Awakening (Lily Dale #1)(25)



She’ll just go on doing exactly what she’s doing, right here in Lily Dale.

If only I knew what it is that I’m doing here in Lily Dale. Yeah, that would help.

“Hey, Calla? Do you want me to hop on a plane and come see you this weekend? I feel like you need me. And that way, I wouldn’t have to be around to meet Annie.”

“I doubt your parents would let you come.”

“I’d make them let me if you needed me.”

Calla smiles. Lisa is pretty good at getting her way. She has her parents wrapped around her pinky—that’s what Kevin always used to say, anyway.

Kevin. Her smile promptly evaporates.

“Listen, Calla, I’m serious. Let me know. Because I’ll get on the next plane if you need—”

“Thanks, I’ll let you know,” Calla cuts in hurriedly as the door to the back room begins to open. “Lis’, I have to go.”

“Okay, but remember—”

“I’ll call you soon, okay? ’Bye.”

She hangs up just before Odelia emerges with the woman who was here last night. The one from Columbus, Ohio. Only this time, she’s alone. She looks like she’s been crying again.

“Well, good morning, starshine.” Odelia reaches out to give Calla’s arm a little pat as she passes her at the table. She again has on that pair of too-snug lemon-yellow capris and a lime-green shirt emblazoned with a glittery silver turtle. It all clashes with her red-orange hair, which also clashes with her hot pink lipstick and turquoise earrings. “I’m just going to show Mrs. Riggs out, and I’ll be right back.”

Calla nods, then does a double take. She could have sworn only her grandmother and Mrs. Riggs were there, but now she sees that there’s someone else. A girl—the same one who was standing in the flower bed last night.

Only now, Calla can see her more clearly—though it’s only a glimpse in passing before the three of them disappear into the hall. She’s about Calla’s age, pretty, with long blond hair and baggy clothing. She doesn’t glance in Calla’s direction, and she trails silently behind Odelia and Mrs. Riggs as they leave the room.

Calla shivers, then remembers that just a few minutes ago, she was thinking it was warm and muggy in here. She hears the front door open and close. Moments later, Odelia is back in the kitchen. “I didn’t peg you for a late sleeper, but I’m glad you are.”

“I had no idea what time it was when I got up. The clock is blinking again.”

“Oh . . . I still have to set it for you, don’t I?”

“I can do it this time. But thanks for doing it last night.”

“Last night?” Odelia frowns. “I didn’t set it for you last night.”

“You didn’t? But . . .”

But she woke up in the middle of the night, and the clock was set. She distinctly remembers that it said 3:17.

“I thought you must have come in and set it sometime in the middle of the night,” she says slowly, even as she realizes uneasily that it is warm and muggy in here after all. Or . . . again.

“Oh, I don’t do much of anything in the night. I sleep like a rock. Anyway, like I said, I don’t believe in opening closed doors on other people. I wouldn’t do that even if I thought you were sleeping.”

“Thanks,” she murmurs. “I just . . . wondered. About the clock. It isn’t set now, and—”

“Listen, you’re not on a schedule here, so relax. You’re on summer break—that’s what it’s for. Stay up late. Sleep in. I don’t get up till noon myself most days, if I can help it.”

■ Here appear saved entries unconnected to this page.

(* There is a one-pass streaming algorithm in the VArand model that takes as input a graph $G=(V,E)$ with $|V|=n$, $|E|=m$, a coloring $f:V\to[C]$, and a parameter $\varepsilon>0$. With high probability it correctly distinguishes between the two cases "$f$ is valid" and "$f$ is $\varepsilon$-far from valid". With high probability it uses $\widetilde{\mathcal O}\!\left(\frac{|V|}{\sqrt{\varepsilon|E|}}\right)$ space.
   Context: A coloring $f:V\to[C]$ is valid if no edge $(u,v)\in E$ has $f(u)=f(v)$. It is $\varepsilon$-far from valid if at least $\varepsilon|E|$ edges are monochromatic, i.e., have equal colors at both endpoints. The task (Conflict-Sep) is to output "valid" in the first case and "far" in the second. VArand model: the vertices are revealed one at a time, in an order chosen uniformly at random among all permutations of $V$. When a vertex $v$ is revealed, its color $f(v)$ is revealed, and then all edges from $v$ to previously revealed vertices are revealed. Colors of earlier vertices are not revealed again. "With high probability" means probability at least $1-1/n^c$ for an absolute constant $c>0$. $\widetilde{\mathcal O}$ hides polylogarithmic factors. *)

theory Defs
  imports "HOL-Probability.Probability" "HOL-Combinatorics.Multiset_Permutations"
begin

definition is_graph :: "nat \<Rightarrow> nat set set \<Rightarrow> bool" where
  "is_graph n E \<longleftrightarrow> (\<forall>e\<in>E. e \<subseteq> {0..<n} \<and> card e = 2)"

definition mono_edges :: "(nat \<Rightarrow> nat) \<Rightarrow> nat set set \<Rightarrow> nat set set" where
  "mono_edges f E = {e \<in> E. \<exists>u v. e = {u, v} \<and> f u = f v}"

definition valid_coloring :: "(nat \<Rightarrow> nat) \<Rightarrow> nat set set \<Rightarrow> bool" where
  "valid_coloring f E \<longleftrightarrow> mono_edges f E = {}"

definition far_from_valid :: "real \<Rightarrow> (nat \<Rightarrow> nat) \<Rightarrow> nat set set \<Rightarrow> bool" where
  "far_from_valid \<epsilon> f E \<longleftrightarrow> real (card (mono_edges f E)) \<ge> \<epsilon> * real (card E)"

text \<open>Stream elements of the VArand model: a vertex with its colour, then the edges
  from that vertex to previously revealed vertices.\<close>
datatype event = VArr nat nat | EArr nat nat

text \<open>The stream induced by a vertex order (pre = already revealed vertices, most recent first).
  Edges of a newly revealed vertex v to earlier vertices u come in order of revelation of u.\<close>
fun vstream :: "(nat \<Rightarrow> nat) \<Rightarrow> nat set set \<Rightarrow> nat list \<Rightarrow> nat list \<Rightarrow> event list" where
  "vstream f E pre [] = []"
| "vstream f E pre (v # vs) =
     (VArr v (f v) # map (\<lambda>u. EArr u v) (filter (\<lambda>u. {u, v} \<in> E) (rev pre)))
     @ vstream f E (v # pre) vs"

text \<open>A randomized one-pass streaming algorithm. Its memory is a bit string; it knows the
  parameters (n, m, C, eps) in advance.\<close>
record stream_alg =
  alg_init :: "nat \<Rightarrow> nat \<Rightarrow> nat \<Rightarrow> real \<Rightarrow> bool list pmf"
  alg_step :: "nat \<Rightarrow> nat \<Rightarrow> nat \<Rightarrow> real \<Rightarrow> bool list \<Rightarrow> event \<Rightarrow> bool list pmf"
  alg_out  :: "nat \<Rightarrow> nat \<Rightarrow> nat \<Rightarrow> real \<Rightarrow> bool list \<Rightarrow> bool pmf"

fun exec :: "(bool list \<Rightarrow> event \<Rightarrow> bool list pmf) \<Rightarrow> event list \<Rightarrow> bool list \<Rightarrow> (bool list \<times> nat) pmf" where
  "exec st [] s = return_pmf (s, length s)"
| "exec st (e # es) s =
     bind_pmf (st s e) (\<lambda>s'. map_pmf (\<lambda>(t, k). (t, max (length s) k)) (exec st es s'))"

text \<open>Outcome distribution (answer, space): True = "valid", False = "far".
  Randomness: uniformly random vertex order plus the algorithm's own coins.\<close>
definition outcome :: "stream_alg \<Rightarrow> nat \<Rightarrow> nat set set \<Rightarrow> nat \<Rightarrow> (nat \<Rightarrow> nat) \<Rightarrow> real \<Rightarrow> (bool \<times> nat) pmf" where
  "outcome A n E C f \<epsilon> =
     bind_pmf (pmf_of_set (permutations_of_set {0..<n})) (\<lambda>\<sigma>.
     bind_pmf (alg_init A n (card E) C \<epsilon>) (\<lambda>s0.
     bind_pmf (exec (alg_step A n (card E) C \<epsilon>) (vstream f E [] \<sigma>) s0) (\<lambda>(s, sp).
     map_pmf (\<lambda>b. (b, sp)) (alg_out A n (card E) C \<epsilon> s))))"

end

theory Submission
  imports Defs "HOL-Library.Log_Nat"
begin

text \<open>
  With \<open>m = |E|\<close>, the tester stores the first \<open>T \<approx> n ln n / sqrt (\<epsilon> m)\<close> revealed
  vertices with their colours, which takes \<open>O (T log (n + C))\<close> bits, and rejects as soon as
  an edge joins the vertex being revealed to a stored vertex of the same colour; so it never
  rejects a valid colouring. If \<open>f\<close> is \<open>\<epsilon>\<close>-far from valid, the at least \<open>\<epsilon> m\<close>
  monochromatic edges live on a vertex set \<open>U\<close> with \<open>|U|\<^sup>2 \<ge> \<epsilon> m\<close>. Whenever the earliest
  vertex of \<open>U\<close> in the random order is among the first \<open>T\<close>, it is stored and the
  monochromatic edge to its partner, which arrives later, is detected. The first \<open>T\<close> vertices
  miss \<open>U\<close> with probability at most \<open>(1 - |U| / n)\<^sup>T \<le> exp (- |U| T / n) \<le> 1 / n\<close>.
\<close>

section \<open>Random orderings\<close>

lemma measure_bind_pmf:
  "measure_pmf.prob (bind_pmf M f) A = measure_pmf.expectation M (\<lambda>x. measure_pmf.prob (f x) A)"
  unfolding measure_pmf_bind
  by (rule measure_pmf.measure_bind[where N="count_space UNIV"])
     (auto intro!: measurable_pmf_measure1 measure_pmf.subprob_space_axioms simp: space_subprob_algebra)

lemma prob_ge_one_minus:
  assumes "set_pmf M \<subseteq> X \<union> B"
  shows "1 - measure_pmf.prob M B \<le> measure_pmf.prob M X"
proof -
  have "measure_pmf.prob M (X \<union> B) = 1"
    using assms by (auto simp: measure_pmf.prob_eq_1 AE_measure_pmf_iff)
  then show ?thesis
    using measure_Un_le[where M = "measure_pmf M" and A = X and B = B] by simp
qed

abbreviation prob_prefix_avoids :: "'a set \<Rightarrow> nat \<Rightarrow> 'a set \<Rightarrow> real" where
  "prob_prefix_avoids A T U \<equiv>
     measure_pmf.prob (pmf_of_set (permutations_of_set A)) {\<sigma>. set (take T \<sigma>) \<inter> U = {}}"

lemma prob_prefix_avoids_Suc:
  assumes "finite A" "A \<noteq> {}"
  shows "prob_prefix_avoids A (Suc T) U = (\<Sum>x\<in>A - U. prob_prefix_avoids (A - {x}) T U) / card A"
proof -
  have "pmf_of_set (permutations_of_set A) =
      bind_pmf (pmf_of_set A) (\<lambda>x. map_pmf ((#) x) (pmf_of_set (permutations_of_set (A - {x}))))"
    unfolding random_permutation_of_set[OF assms] map_pmf_def ..
  then have "prob_prefix_avoids A (Suc T) U =
      measure_pmf.expectation (pmf_of_set A) (\<lambda>x. if x \<in> U then 0 else prob_prefix_avoids (A - {x}) T U)"
    by (simp only: measure_bind_pmf) (auto intro!: Bochner_Integration.integral_cong)
  also have "\<dots> = (\<Sum>x\<in>A - U. prob_prefix_avoids (A - {x}) T U) / card A"
    using assms by (simp add: integral_pmf_of_set sum.If_cases Diff_eq)
  finally show ?thesis .
qed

“Noon?” Calla echoes, wondering if it’s possible that she imagined it all. Was the whole thing a dream, not just the clock, but the remembered—or manufactured—conversation about dredging the lake?

“Noon,” Odelia confirms. “And I like to take a nice long afternoon nap in my recliner if I don’t have anything scheduled.” She pours herself a cup of coffee and looks expectantly at Calla. “Want some joe?”

“Oh . . . uh, no thanks.” That would be the day Mom or Dad would ever offer her coffee. “So . . . you do readings every day? Walk-ins?”

“Sure. During the season, anyway. I’m pretty booked.”

“People just show up at the door, like just now? What do they want, specifically?”

Odelia mimes pulling a zipper across her sealed lips and shakes her head.

“You can’t talk about your clients?”

“I try not to. What happens in Vegas”—she tilts her head toward the sun-splashed back room—“stays in Vegas.”

“So that’s . . . what? Your office?” Calla asks her, pointing at “Vegas.”

“More or less. It’s where I see people when they come to me.”

It’s hardly a candlelit Victorian parlor, which would seem more fitting. As far as Calla can recall, there’s no crystal ball in there, no round table with a fringed cloth, no heavy draperies, not even incense.

“Sometimes,” Odelia continues, “I go to my clients, though. And sometimes I do my thing out at the stump, or the auditorium.”

“Did you say ‘the stump’?”

Odelia grins. “Inspiration Stump. It’s out in Leolyn Woods.”